The middle is miles of unsmoked tobacco and piles of thin paper to roll it in, with sticky ends. But you’ll be curious about the English. You’ve never liked the way you sounded in America, complained that people thought they knew you just by the way your voice hollowed out over certain vowels. You moaned that your vocabulary took on a martial edge, and now you’ll want to know: on the page, is there any softening? And I say: of a sort. But I doubt it’ll endear you to hear that your American letters are thick with the scent of asphalt melting in the sun. Just pliable, giving under the heel. Bitumen, hydrochloride, diesel drippings. The road one great roasting pan. I wish I knew how you did it. Perhaps you have different pens, but I’ve examined the ink, and would swear it’s all identical.

  Come, Vera, have you smiled at all to learn how carefully I categorize you? Even a little? That’s my nightingale, my night-blooming flower.

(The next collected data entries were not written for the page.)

lemma sum_group_by_image:
  fixes g :: "'v \<Rightarrow> 'a::comm_semiring_0"
  assumes "finite E" "h ` E \<subseteq> V" "finite V"
  shows "(\<Sum>e\<in>E. g (h e) * k e) = (\<Sum>v\<in>V. g v * (\<Sum>e\<in>{e\<in>E. h e = v}. k e))"
proof -
  have "(\<Sum>e\<in>E. g (h e) * k e) = (\<Sum>v\<in>h ` E. \<Sum>e\<in>{e\<in>E. h e = v}. g (h e) * k e)"
    by (rule sum.image_gen[OF assms(1)])
  also have "\<dots> = (\<Sum>v\<in>h ` E. g v * (\<Sum>e\<in>{e\<in>E. h e = v}. k e))"
    by (simp add: sum_distrib_left)
  also have "\<dots> = (\<Sum>v\<in>V. g v * (\<Sum>e\<in>{e\<in>E. h e = v}. k e))"
  proof (rule sum.mono_neutral_left[OF assms(3) assms(2)], intro ballI)
    fix v assume "v \<in> V - h ` E"
    then have "{e\<in>E. h e = v} = {}" by auto
    then show "g v * (\<Sum>e\<in>{e\<in>E. h e = v}. k e) = 0" by (simp only: sum.empty mult_zero_right)
  qed
  finally show ?thesis .
qed

lemma sum_cnj_vertex_flux:
  assumes "finite E" and "\<forall>e\<in>E. U e 0 = phi (ini e) \<and> U e (len e) = phi (ter e)"
  shows "(\<Sum>v\<in>graph_vertices E ini ter. cnj (phi v) * flux E len ini ter U' v) =
         (\<Sum>e\<in>E. cnj (U e 0) * U' e 0 - cnj (U e (len e)) * U' e (len e))"
proof -
  let ?V = "graph_vertices E ini ter"
  have V: "finite ?V" "ini ` E \<subseteq> ?V" "ter ` E \<subseteq> ?V"
    using assms(1) by (auto simp: graph_vertices_def)
  have "(\<Sum>v\<in>?V. cnj (phi v) * flux E len ini ter U' v) =
      (\<Sum>e\<in>E. cnj (phi (ini e)) * U' e 0) - (\<Sum>e\<in>E. cnj (phi (ter e)) * U' e (len e))"
    using sum_group_by_image[OF assms(1) V(2,1), of "\<lambda>v. cnj (phi v)" "\<lambda>e. U' e 0"]
      sum_group_by_image[OF assms(1) V(3,1), of "\<lambda>v. cnj (phi v)" "\<lambda>e. U' e (len e)"]
    by (simp add: flux_def right_diff_distrib sum_subtractf)
  also have "\<dots> = (\<Sum>e\<in>E. cnj (U e 0) * U' e 0 - cnj (U e (len e)) * U' e (len e))"
    using assms(2) by (simp add: sum_subtractf)
  finally show ?thesis .
qed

  I hope you aren’t moping over poor doomed Dina. Such a minor creature to make such a great red stain over our lives. Don’t let her. Dina’s hair was dark, but not so dark as yours. Her skin was white, but yours is milk. Yours is clean teeth, and the tongue that licks them. You know this. The tongue my tongue, counting your incisors and bicuspids, counting your fingers and your toes. Poor Dina had a single candle in her hand, whereas you have ignited a thousand fatal fires with just the tip of your thumb. Judicious and useful. Les petites morts de Vera. I could recite them in front of bishops and have them declared holy, like the deaths of saints. This one in a moving car. This one leaning against the door frame. This one on a fainting couch, your father in the very next room, waiting to pour us glasses of gin. Whereas Dina had just one death, slow and dumb. Lying in her bed, as still as a virgin.